- **What to do**
Below are entries; output exactly the lines from the one with "(\<forall>t j x." to the one with "(* Let $b>0$", both included, and nothing else.

Exercise input Block Start

(* Let $(M,\underline{g})$ be a stationary axisymmetric vacuum spacetime with line element, in coordinates $(t,\rho,z,\phi)$, $$\underline{g}=k^2e^{-2\psi}\left[e^{2\gamma}\left(d\rho^2+dz^2\right)+R^2d\phi^2\right]-e^{2\psi}\left(dt-\omega\, d\phi\right)^2,$$ where $k$ is a real constant and $\psi,\gamma,\omega,R$ are smooth functions of $(\rho,z)$ only. Suppose $\eta=C_1\partial_t+C_2\partial_\rho+C_3\partial_z+C_4\partial_\phi$ satisfies $\mathcal{L}_\eta\underline{g}=2\Psi\,\underline{g}$ for a constant $\Psi$, where each component $C_i=C_i(t,\rho)$ is a function of $t$ and $\rho$ only, and suppose $C_2$ and $C_3$ are constants with $C_2=C_3=0$. Then $\Psi=0$, i.e. $\eta$ is a Killing vector, and $\eta=c_1\partial_t+c_4\partial_\phi$ for constants $c_1,c_4$.
   Context: The metric components are $\underline{g}_{tt}=-e^{2\psi}$, $\underline{g}_{t\phi}=\omega e^{2\psi}$, $\underline{g}_{\rho\rho}=\underline{g}_{zz}=k^2e^{2(\gamma-\psi)}$, and $\underline{g}_{\phi\phi}=W:=k^2R^2e^{-2\psi}-\omega^2e^{2\psi}$. The metric is assumed nondegenerate. The spacetime is a vacuum solution of Einstein's equations, constructed from a complex Ernst potential $\mathcal{E}$ with $\mathrm{Re}(\mathcal{E})=e^{2\psi}$ satisfying $\mathrm{Re}(\mathcal{E})\bar\nabla^2\mathcal{E}=\bar\nabla\mathcal{E}\cdot\bar\nabla\mathcal{E}$ with $\bar\nabla^2=\partial_{\rho\rho}+\rho^{-1}\partial_\rho+\partial_{zz}$, $\bar\nabla=(\partial_\rho,\partial_z)$, and $R$ satisfies $R_{,\rho\rho}+R_{,zz}=0$. A vector field with $\mathcal{L}_\eta\underline{g}=2\Psi\underline{g}$, $\Psi$ constant, is called homothetic; if $\Psi=0$ it is a Killing vector. *)

theory Defs
  imports "HOL-Analysis.Analysis"
begin
(* Let $p$ be a prime and $G=S^1\times C_p$. There exists a $G$-equivariant continuous map $h:S(V_{1,0}\oplus V_{1,1})\to S(V_{p,0}\oplus V_{0,1})$.
   Context: Let $a$ be a generator of $C_p$ and $\xi_p=e^{2\pi\sqrt{-1}/p}$. For $k\in\mathbb{Z}$ and $l\in\mathbb{Z}/p$, $V_{k,l}$ is the $1$-dimensional unitary $G$-representation on $\mathbb{C}$ with $(t,a^j)\cdot z=t^k\xi_p^{jl}z$ for $t\in S^1$. $S(\cdot)$ denotes the unit sphere. *)

theory Defs
  imports "HOL-Analysis.Analysis"
begin

definition xi :: "nat \<Rightarrow> complex" where
  "xi p = exp (2 * pi * \<i> / of_nat p)"

text \<open>Action of the group element (t, a^j) of S^1 x C_p on the one-dimensional
  representation V_{k,l} = C:  (t, a^j) . z = t^k xi_p^(j l) z.  The class l in Z/p is
  represented by an integer; the action only depends on l mod p since xi_p^p = 1.\<close>
definition V_act :: "nat \<Rightarrow> int \<Rightarrow> int \<Rightarrow> complex \<Rightarrow> int \<Rightarrow> complex \<Rightarrow> complex" where
  "V_act p k l t j z = t powi k * xi p powi (j * l) * z"

definition dsum_act :: "nat \<Rightarrow> int \<Rightarrow> int \<Rightarrow> int \<Rightarrow> int \<Rightarrow> complex \<Rightarrow> int
    \<Rightarrow> complex \<times> complex \<Rightarrow> complex \<times> complex" where
  "dsum_act p k1 l1 k2 l2 t j x = (V_act p k1 l1 t j (fst x), V_act p k2 l2 t j (snd x))"

end

theory Submission
  imports Defs
begin

text \<open>The map \<open>(z, w) \<mapsto> (z^p + w^p, w \<cdot> conj z)\<close> vanishes only at the origin. On the
  source, \<open>(t, a^j)\<close> multiplies \<open>z\<close> by \<open>t\<close> and \<open>w\<close> by \<open>t \<xi>^j\<close>; since \<open>(\<xi>^j)^p = 1\<close> the first
  component picks up the factor \<open>t^p\<close>, and in \<open>w \<cdot> conj z\<close> the factor \<open>t\<close> cancels against
  \<open>conj t\<close>, leaving \<open>\<xi>^j\<close>. So the map is equivariant, and as the target action is by
  isometries, normalising it gives the required map of spheres.\<close>

definition pow_sum_map :: "nat \<Rightarrow> complex \<times> complex \<Rightarrow> complex \<times> complex" where
  "pow_sum_map p x = (fst x ^ p + snd x ^ p, snd x * cnj (fst x))"

lemma continuous_on_pow_sum_map: "continuous_on S (pow_sum_map p)"
  unfolding pow_sum_map_def by (intro continuous_intros)

lemma xi_pow_eq_1: "p > 0 \<Longrightarrow> xi p ^ p = 1"
proof -
  assume "p > 0"
  have "xi p ^ p = exp (of_nat p * (2 * pi * \<i> / of_nat p))"
    unfolding xi_def by (simp only: exp_of_nat_mult)
  also have "\<dots> = exp (2 * pi * \<i>)" using \<open>p > 0\<close> by simp
  finally show ?thesis by simp
qed

lemma xi_powi_pow_eq_1: "p > 0 \<Longrightarrow> (xi p powi j) ^ p = 1"
proof -
  assume "p > 0"
  have "(xi p powi j) ^ p = (xi p ^ p) powi j"
    by (metis power_int_mult power_int_of_nat mult.commute)
  thus ?thesis using xi_pow_eq_1[OF \<open>p > 0\<close>] by simp
qed

lemma norm_xi: "cmod (xi p) = 1"
  unfolding xi_def by (simp add: norm_exp_eq_Re)

lemma norm_V_act: "cmod t = 1 \<Longrightarrow> cmod (V_act p k l t j z) = cmod z"
  by (simp add: V_act_def norm_mult norm_power_int norm_xi)

lemma V_act_scaleR: "V_act p k l t j (c *\<^sub>R z) = c *\<^sub>R V_act p k l t j z"
  by (simp add: V_act_def scaleR_conv_of_real)

lemma norm_dsum_act:
  "cmod t = 1 \<Longrightarrow> norm (dsum_act p k1 l1 k2 l2 t j x) = norm x"
  by (cases x) (simp add: dsum_act_def norm_Pair norm_V_act)

lemma dsum_act_scaleR:
  "dsum_act p k1 l1 k2 l2 t j (c *\<^sub>R x) = c *\<^sub>R dsum_act p k1 l1 k2 l2 t j x"
  by (cases x) (simp add: dsum_act_def V_act_scaleR)

lemma sgn_norm_preserving_homogeneous:
  fixes g :: "'a::real_normed_vector \<Rightarrow> 'b::real_normed_vector"
  assumes "norm (g x) = norm x" and "\<And>c. g (c *\<^sub>R x) = c *\<^sub>R g x"
  shows "sgn (g x) = g (sgn x)"
  by (simp add: sgn_div_norm assms)

lemma pow_sum_map_nonzero:
  assumes "p > 0" and "x \<noteq> 0"
  shows "pow_sum_map p x \<noteq> 0"
proof
  assume zero: "pow_sum_map p x = 0"
  obtain z w where x: "x = (z, w)" by fastforce
  from zero have "z ^ p + w ^ p = 0" and "w = 0 \<or> z = 0"
    by (auto simp: pow_sum_map_def x zero_prod_def)
  with \<open>p > 0\<close> have "z = 0 \<and> w = 0" by (auto simp: zero_power)
  with \<open>x \<noteq> 0\<close> x show False by (simp add: zero_prod_def)
qed

lemma pow_sum_map_equivariant:
  assumes "p > 0" and "cmod t = 1"
  shows "pow_sum_map p (dsum_act p 1 0 1 1 t j x) = dsum_act p (int p) 0 0 1 t j (pow_sum_map p x)"
proof -
  obtain z w where x: "x = (z, w)" by fastforce
  define u where "u = xi p powi j"
  have "cnj t * t = 1"
    using assms(2) complex_norm_square[of t] by (simp add: mult.commute)
  then have second: "t * u * w * cnj (t * z) = u * (w * cnj z)"
    by (metis (no_types) complex_cnj_mult mult.assoc mult.left_commute mult_1)
  have "(t * u * w) ^ p = t ^ p * w ^ p"
    using xi_powi_pow_eq_1[OF \<open>p > 0\<close>] by (simp add: u_def power_mult_distrib)
  then have first: "(t * z) ^ p + (t * u * w) ^ p = t ^ p * (z ^ p + w ^ p)"
    by (simp add: power_mult_distrib distrib_left)
  show ?thesis
    using first second
    by (simp add: pow_sum_map_def dsum_act_def V_act_def x u_def)
qed

theorem lemma4p2:
  fixes p :: nat
  assumes "prime p"
  shows "\<exists>h :: complex \<times> complex \<Rightarrow> complex \<times> complex.
           continuous_on (sphere 0 1) h \<and>
           h ` sphere 0 1 \<subseteq> sphere 0 1 \<and>
           (\<forall>t j x. cmod t = 1 \<longrightarrow> x \<in> sphere 0 1 \<longrightarrow>
              h (dsum_act p 1 0 1 1 t j x) = dsum_act p (int p) 0 0 1 t j (h x))"
proof (intro exI[of _ "\<lambda>x. sgn (pow_sum_map p x)"] conjI allI impI)
  have "p > 0" using assms prime_gt_0_nat by blast
  then have nonzero: "\<forall>x\<in>sphere 0 1. pow_sum_map p x \<noteq> 0"
    by (intro ballI pow_sum_map_nonzero) auto
  show "continuous_on (sphere 0 1) (\<lambda>x. sgn (pow_sum_map p x))"
    using continuous_on_pow_sum_map nonzero by (rule continuous_on_sgn)
  show "(\<lambda>x. sgn (pow_sum_map p x)) ` sphere 0 1 \<subseteq> sphere 0 1"
    using nonzero by (auto simp: norm_sgn)
  fix t :: complex and j :: int and x :: "complex \<times> complex"
  assume "cmod t = 1"
  show "sgn (pow_sum_map p (dsum_act p 1 0 1 1 t j x)) =
        dsum_act p (int p) 0 0 1 t j (sgn (pow_sum_map p x))"
    unfolding pow_sum_map_equivariant[OF \<open>p > 0\<close> \<open>cmod t = 1\<close>]
    by (rule sgn_norm_preserving_homogeneous[where g = "dsum_act p (int p) 0 0 1 t j"])
      (simp_all add: norm_dsum_act[OF \<open>cmod t = 1\<close>] dsum_act_scaleR)
qed

end
(* Let $b>0$ and $\varepsilon\in\mathbb R$ with $b+\varepsilon>0$ and $\varepsilon\neq0$. Then the matrix $P(b,\varepsilon,0)$ has two eigenvalues $\lambda_1,\lambda_2$ with $0<\lambda_1<1$ and $\lambda_2=\lambda_1^{-1}>1$, with corresponding eigenvectors $v_1=(1,f_1)^T$ and $v_2=(1,f_1^{-1})^T$, where $$f_1=\frac{-\alpha+\gamma-\sqrt{(\alpha-\gamma)^2-4\beta^2}}{2\beta}$$ satisfies $f_1<-1$ if $\varepsilon<0$ and $f_1\in(-1,0)$ if $\varepsilon>0$.
   Context: For $k\in\mathbb R$ let $A_1=\begin{pmatrix}-b&0\\-b&-(b+\varepsilon)e^{-ik}\end{pmatrix}$, $A_2=\begin{pmatrix}-b&-(b+\varepsilon)e^{ik}\\0&-b\end{pmatrix}$, $A_3=\begin{pmatrix}-(b+\varepsilon)e^{-ik}&0\\-b&-b\end{pmatrix}$, $A_4=\begin{pmatrix}-b&-b\\0&-(b+\varepsilon)\end{pmatrix}$, $A_5=\begin{pmatrix}-b&0\\-(b+\varepsilon)e^{ik}&-b\end{pmatrix}$, $A_6=\begin{pmatrix}-(b+\varepsilon)&-b\\0&-b\end{pmatrix}$, and $P(b,\varepsilon,k)=-A_6^{-1}A_5A_4^{-1}A_3A_2^{-1}A_1$. With $t=(b+\varepsilon)/b$, define $\alpha=-t^2+2t-\frac4t+\frac4{t^2}$, $\beta=-t^3+t^2+t-3+\frac2t$, $\gamma=t^4-t^2+2t-1$ (these are the entries of $P(b,\varepsilon,0)=\begin{pmatrix}\alpha&\beta\\-\beta&\gamma\end{pmatrix}$). *)

theory Defs
  imports "HOL-Analysis.Analysis"
begin

definition mat2 :: "complex \<Rightarrow> complex \<Rightarrow> complex \<Rightarrow> complex \<Rightarrow> complex^2^2" where
  "mat2 a b c d = vector [vector [a, b], vector [c, d]]"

Exercise input Block End

- **Solved problem**
           (\<forall>t j x. cmod t = 1 \<longrightarrow> x \<in> sphere 0 1 \<longrightarrow>
              h (dsum_act p 1 0 1 1 t j x) = dsum_act p (int p) 0 0 1 t j (h x))"
proof (intro exI[of _ "\<lambda>x. sgn (pow_sum_map p x)"] conjI allI impI)
  have "p > 0" using assms prime_gt_0_nat by blast
  then have nonzero: "\<forall>x\<in>sphere 0 1. pow_sum_map p x \<noteq> 0"
    by (intro ballI pow_sum_map_nonzero) auto
  show "continuous_on (sphere 0 1) (\<lambda>x. sgn (pow_sum_map p x))"
    using continuous_on_pow_sum_map nonzero by (rule continuous_on_sgn)
  show "(\<lambda>x. sgn (pow_sum_map p x)) ` sphere 0 1 \<subseteq> sphere 0 1"
    using nonzero by (auto simp: norm_sgn)
  fix t :: complex and j :: int and x :: "complex \<times> complex"
  assume "cmod t = 1"
  show "sgn (pow_sum_map p (dsum_act p 1 0 1 1 t j x)) =
        dsum_act p (int p) 0 0 1 t j (sgn (pow_sum_map p x))"
    unfolding pow_sum_map_equivariant[OF \<open>p > 0\<close> \<open>cmod t = 1\<close>]
    by (rule sgn_norm_preserving_homogeneous[where g = "dsum_act p (int p) 0 0 1 t j"])
      (simp_all add: norm_dsum_act[OF \<open>cmod t = 1\<close>] dsum_act_scaleR)
qed

end
(* Let $b>0$ and $\varepsilon\in\mathbb R$ with $b+\varepsilon>0$ and $\varepsilon\neq0$. Then the matrix $P(b,\varepsilon,0)$ has two eigenvalues $\lambda_1,\lambda_2$ with $0<\lambda_1<1$ and $\lambda_2=\lambda_1^{-1}>1$, with corresponding eigenvectors $v_1=(1,f_1)^T$ and $v_2=(1,f_1^{-1})^T$, where $$f_1=\frac{-\alpha+\gamma-\sqrt{(\alpha-\gamma)^2-4\beta^2}}{2\beta}$$ satisfies $f_1<-1$ if $\varepsilon<0$ and $f_1\in(-1,0)$ if $\varepsilon>0$.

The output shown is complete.